**What the exercise asks:** Could you filter the material and copy every line where the word "that" occurs?

**Input data:**
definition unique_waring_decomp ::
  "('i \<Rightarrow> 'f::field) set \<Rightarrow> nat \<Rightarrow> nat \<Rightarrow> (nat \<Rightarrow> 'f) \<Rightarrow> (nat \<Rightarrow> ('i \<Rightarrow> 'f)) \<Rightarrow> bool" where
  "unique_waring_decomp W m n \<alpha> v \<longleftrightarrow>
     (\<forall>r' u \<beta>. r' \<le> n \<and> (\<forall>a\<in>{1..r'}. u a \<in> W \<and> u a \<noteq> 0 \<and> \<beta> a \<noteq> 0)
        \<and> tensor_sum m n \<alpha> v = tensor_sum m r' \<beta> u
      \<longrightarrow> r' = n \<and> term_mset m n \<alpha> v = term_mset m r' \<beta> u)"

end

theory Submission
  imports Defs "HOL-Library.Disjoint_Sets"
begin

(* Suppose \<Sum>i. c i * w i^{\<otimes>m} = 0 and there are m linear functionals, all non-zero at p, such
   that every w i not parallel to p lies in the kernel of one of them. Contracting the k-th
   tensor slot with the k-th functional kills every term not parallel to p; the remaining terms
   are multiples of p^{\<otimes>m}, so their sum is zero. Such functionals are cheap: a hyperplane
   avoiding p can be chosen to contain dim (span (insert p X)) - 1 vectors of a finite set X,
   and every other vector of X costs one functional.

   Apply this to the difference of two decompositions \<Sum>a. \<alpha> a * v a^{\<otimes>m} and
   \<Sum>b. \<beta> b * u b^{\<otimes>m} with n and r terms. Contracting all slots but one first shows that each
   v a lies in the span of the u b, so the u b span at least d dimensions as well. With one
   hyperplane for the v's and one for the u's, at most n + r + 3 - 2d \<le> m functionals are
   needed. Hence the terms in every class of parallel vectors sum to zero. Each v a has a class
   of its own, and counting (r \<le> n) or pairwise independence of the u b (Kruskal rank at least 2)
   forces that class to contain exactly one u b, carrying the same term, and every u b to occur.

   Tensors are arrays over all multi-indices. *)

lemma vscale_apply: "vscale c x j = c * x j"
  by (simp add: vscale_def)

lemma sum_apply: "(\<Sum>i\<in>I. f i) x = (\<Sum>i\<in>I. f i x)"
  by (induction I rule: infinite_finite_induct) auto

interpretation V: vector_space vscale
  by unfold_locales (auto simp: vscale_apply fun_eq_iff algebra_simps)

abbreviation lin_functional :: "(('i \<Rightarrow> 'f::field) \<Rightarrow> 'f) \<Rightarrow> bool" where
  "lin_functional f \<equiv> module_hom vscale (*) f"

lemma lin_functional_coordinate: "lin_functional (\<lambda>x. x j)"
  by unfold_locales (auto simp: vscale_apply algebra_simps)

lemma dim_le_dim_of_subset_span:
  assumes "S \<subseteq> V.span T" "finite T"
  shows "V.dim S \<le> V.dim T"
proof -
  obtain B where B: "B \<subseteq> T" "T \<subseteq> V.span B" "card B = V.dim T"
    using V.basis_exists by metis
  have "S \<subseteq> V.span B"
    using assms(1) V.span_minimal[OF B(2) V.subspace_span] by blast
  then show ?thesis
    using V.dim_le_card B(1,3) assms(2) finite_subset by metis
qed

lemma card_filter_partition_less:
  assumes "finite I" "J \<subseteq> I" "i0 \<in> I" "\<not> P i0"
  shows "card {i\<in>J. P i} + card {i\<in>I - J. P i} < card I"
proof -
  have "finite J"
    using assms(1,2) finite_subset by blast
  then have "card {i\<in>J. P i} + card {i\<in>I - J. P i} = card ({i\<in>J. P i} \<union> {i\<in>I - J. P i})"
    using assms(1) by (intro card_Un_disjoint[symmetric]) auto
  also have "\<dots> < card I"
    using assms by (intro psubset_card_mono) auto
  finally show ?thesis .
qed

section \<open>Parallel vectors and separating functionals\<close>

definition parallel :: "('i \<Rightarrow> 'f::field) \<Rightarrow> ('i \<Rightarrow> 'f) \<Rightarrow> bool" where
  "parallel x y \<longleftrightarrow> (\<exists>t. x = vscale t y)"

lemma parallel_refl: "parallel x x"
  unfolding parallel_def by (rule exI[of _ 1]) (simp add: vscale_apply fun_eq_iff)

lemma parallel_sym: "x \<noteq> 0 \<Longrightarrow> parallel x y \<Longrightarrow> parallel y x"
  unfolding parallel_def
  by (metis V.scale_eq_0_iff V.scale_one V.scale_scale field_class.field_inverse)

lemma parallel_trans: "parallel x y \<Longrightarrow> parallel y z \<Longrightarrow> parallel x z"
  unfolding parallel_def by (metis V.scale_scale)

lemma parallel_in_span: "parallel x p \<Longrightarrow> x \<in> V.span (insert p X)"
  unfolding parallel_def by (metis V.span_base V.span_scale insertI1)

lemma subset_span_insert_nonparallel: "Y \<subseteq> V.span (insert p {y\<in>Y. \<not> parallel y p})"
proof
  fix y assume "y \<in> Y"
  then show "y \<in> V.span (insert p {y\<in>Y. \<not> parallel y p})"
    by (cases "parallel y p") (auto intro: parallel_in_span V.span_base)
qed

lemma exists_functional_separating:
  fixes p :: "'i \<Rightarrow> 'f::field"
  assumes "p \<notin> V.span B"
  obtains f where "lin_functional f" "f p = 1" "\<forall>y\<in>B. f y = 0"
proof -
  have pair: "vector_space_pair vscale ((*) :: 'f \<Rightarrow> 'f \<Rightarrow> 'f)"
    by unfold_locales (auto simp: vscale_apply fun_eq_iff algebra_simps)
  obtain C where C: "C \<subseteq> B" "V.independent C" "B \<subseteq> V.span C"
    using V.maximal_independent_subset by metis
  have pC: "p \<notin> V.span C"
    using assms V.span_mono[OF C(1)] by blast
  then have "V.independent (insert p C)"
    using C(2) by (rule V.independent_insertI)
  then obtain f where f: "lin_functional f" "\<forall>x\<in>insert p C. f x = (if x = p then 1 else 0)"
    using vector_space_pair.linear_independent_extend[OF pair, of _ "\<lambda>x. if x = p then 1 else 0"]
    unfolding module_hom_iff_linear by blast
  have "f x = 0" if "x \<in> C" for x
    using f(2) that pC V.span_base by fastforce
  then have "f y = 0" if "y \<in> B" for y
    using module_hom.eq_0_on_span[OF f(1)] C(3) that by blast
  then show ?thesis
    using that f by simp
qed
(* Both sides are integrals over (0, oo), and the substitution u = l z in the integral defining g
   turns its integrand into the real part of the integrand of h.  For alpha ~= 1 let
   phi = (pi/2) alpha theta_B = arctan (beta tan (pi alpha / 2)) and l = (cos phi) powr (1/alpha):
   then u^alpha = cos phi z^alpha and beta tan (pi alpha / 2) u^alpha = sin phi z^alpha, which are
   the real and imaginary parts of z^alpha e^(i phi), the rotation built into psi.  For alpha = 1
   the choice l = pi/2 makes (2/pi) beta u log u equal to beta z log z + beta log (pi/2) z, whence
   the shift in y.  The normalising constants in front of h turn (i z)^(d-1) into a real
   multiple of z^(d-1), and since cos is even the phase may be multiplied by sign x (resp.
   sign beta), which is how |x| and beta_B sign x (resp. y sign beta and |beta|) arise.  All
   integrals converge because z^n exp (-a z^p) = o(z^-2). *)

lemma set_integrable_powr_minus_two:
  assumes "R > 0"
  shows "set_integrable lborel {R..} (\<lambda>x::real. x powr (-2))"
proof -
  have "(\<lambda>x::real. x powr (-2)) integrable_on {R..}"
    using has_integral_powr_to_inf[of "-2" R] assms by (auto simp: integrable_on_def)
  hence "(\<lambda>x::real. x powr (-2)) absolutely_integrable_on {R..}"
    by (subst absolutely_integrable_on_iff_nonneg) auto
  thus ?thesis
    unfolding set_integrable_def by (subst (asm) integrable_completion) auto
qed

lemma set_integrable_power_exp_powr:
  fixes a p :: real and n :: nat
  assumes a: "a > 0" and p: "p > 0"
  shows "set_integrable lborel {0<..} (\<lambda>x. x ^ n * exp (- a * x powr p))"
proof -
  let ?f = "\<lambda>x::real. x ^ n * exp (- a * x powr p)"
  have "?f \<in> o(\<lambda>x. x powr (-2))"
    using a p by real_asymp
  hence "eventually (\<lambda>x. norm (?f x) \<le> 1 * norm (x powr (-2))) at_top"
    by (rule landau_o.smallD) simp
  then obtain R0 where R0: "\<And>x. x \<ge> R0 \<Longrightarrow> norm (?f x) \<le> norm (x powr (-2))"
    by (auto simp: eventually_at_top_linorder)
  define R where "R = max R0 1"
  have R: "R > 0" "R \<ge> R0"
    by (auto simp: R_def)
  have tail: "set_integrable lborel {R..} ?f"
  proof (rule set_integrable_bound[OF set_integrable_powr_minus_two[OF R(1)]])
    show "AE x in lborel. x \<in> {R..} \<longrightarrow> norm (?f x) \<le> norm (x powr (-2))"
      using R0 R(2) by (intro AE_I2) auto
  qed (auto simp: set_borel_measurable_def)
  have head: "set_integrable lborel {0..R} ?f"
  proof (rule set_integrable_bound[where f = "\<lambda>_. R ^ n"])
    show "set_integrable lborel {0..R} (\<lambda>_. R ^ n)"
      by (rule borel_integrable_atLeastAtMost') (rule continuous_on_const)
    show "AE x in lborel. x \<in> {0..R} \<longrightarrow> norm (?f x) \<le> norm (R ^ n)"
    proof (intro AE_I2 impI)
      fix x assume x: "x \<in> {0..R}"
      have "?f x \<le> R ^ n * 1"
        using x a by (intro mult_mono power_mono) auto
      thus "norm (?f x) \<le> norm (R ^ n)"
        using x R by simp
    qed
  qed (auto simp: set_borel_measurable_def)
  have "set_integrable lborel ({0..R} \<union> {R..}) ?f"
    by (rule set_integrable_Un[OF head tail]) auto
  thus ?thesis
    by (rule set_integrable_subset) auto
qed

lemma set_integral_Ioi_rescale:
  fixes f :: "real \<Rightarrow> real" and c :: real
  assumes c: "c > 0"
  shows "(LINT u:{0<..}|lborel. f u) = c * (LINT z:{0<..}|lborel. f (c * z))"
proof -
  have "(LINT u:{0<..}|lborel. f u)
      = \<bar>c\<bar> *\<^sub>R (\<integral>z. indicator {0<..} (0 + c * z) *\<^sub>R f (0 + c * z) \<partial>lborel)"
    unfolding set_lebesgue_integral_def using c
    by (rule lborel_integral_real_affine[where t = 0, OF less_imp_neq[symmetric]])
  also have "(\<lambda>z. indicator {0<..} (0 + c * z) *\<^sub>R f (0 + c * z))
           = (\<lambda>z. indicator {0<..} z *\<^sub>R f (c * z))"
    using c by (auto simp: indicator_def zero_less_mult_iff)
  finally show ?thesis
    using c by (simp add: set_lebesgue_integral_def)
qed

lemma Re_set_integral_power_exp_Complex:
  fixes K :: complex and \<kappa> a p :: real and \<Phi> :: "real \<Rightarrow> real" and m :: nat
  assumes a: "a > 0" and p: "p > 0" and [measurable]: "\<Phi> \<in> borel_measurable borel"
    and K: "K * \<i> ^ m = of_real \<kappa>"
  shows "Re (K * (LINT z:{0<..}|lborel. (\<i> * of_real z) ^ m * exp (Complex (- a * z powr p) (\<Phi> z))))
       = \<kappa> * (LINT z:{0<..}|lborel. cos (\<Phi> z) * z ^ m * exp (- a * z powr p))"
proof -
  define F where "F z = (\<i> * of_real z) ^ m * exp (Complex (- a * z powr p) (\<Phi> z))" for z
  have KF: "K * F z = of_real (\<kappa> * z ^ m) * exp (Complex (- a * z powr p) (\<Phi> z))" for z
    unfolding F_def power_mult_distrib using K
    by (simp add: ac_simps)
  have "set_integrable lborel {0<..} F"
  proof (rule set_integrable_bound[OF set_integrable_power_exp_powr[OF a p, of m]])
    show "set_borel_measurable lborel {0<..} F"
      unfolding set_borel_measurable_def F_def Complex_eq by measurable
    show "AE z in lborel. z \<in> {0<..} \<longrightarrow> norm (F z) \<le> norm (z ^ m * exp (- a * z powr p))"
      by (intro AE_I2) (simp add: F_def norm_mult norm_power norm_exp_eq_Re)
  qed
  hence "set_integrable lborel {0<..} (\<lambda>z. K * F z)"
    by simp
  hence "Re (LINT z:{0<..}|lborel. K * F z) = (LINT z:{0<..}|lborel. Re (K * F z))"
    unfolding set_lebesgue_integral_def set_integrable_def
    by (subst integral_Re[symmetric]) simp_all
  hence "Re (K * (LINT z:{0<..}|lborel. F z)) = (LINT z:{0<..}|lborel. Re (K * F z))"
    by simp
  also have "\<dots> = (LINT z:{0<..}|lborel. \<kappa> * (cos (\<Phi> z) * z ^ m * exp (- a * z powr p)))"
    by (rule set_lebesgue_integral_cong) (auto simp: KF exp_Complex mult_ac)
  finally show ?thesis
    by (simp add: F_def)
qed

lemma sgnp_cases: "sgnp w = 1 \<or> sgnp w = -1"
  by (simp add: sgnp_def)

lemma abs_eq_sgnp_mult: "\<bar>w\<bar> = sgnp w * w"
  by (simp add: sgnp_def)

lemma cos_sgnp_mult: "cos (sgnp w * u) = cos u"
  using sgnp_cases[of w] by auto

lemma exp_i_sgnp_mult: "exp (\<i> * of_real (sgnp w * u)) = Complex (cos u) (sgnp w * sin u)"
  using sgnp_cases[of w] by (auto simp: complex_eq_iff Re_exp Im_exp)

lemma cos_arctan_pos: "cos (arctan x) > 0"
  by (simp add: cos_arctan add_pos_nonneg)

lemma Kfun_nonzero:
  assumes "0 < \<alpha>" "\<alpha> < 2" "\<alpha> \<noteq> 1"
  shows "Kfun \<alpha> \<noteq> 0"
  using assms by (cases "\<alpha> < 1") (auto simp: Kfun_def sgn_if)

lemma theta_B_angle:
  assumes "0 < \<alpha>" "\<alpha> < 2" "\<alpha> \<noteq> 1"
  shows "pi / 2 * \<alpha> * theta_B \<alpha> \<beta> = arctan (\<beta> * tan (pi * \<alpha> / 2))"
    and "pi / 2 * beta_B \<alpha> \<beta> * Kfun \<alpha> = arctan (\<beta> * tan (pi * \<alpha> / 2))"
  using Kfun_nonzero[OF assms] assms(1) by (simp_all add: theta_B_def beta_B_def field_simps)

**Worked solution:**
   that every w i not parallel to p lies in the kernel of one of them. Contracting the k-th
   \<Sum>b. \<beta> b * u b^{\<otimes>m} with n and r terms. Contracting all slots but one first shows that each
   forces that class to contain exactly one u b, carrying the same term, and every u b to occur.
    using f(2) that pC V.span_base by fastforce
    using module_hom.eq_0_on_span[OF f(1)] C(3) that by blast
    using that f by simp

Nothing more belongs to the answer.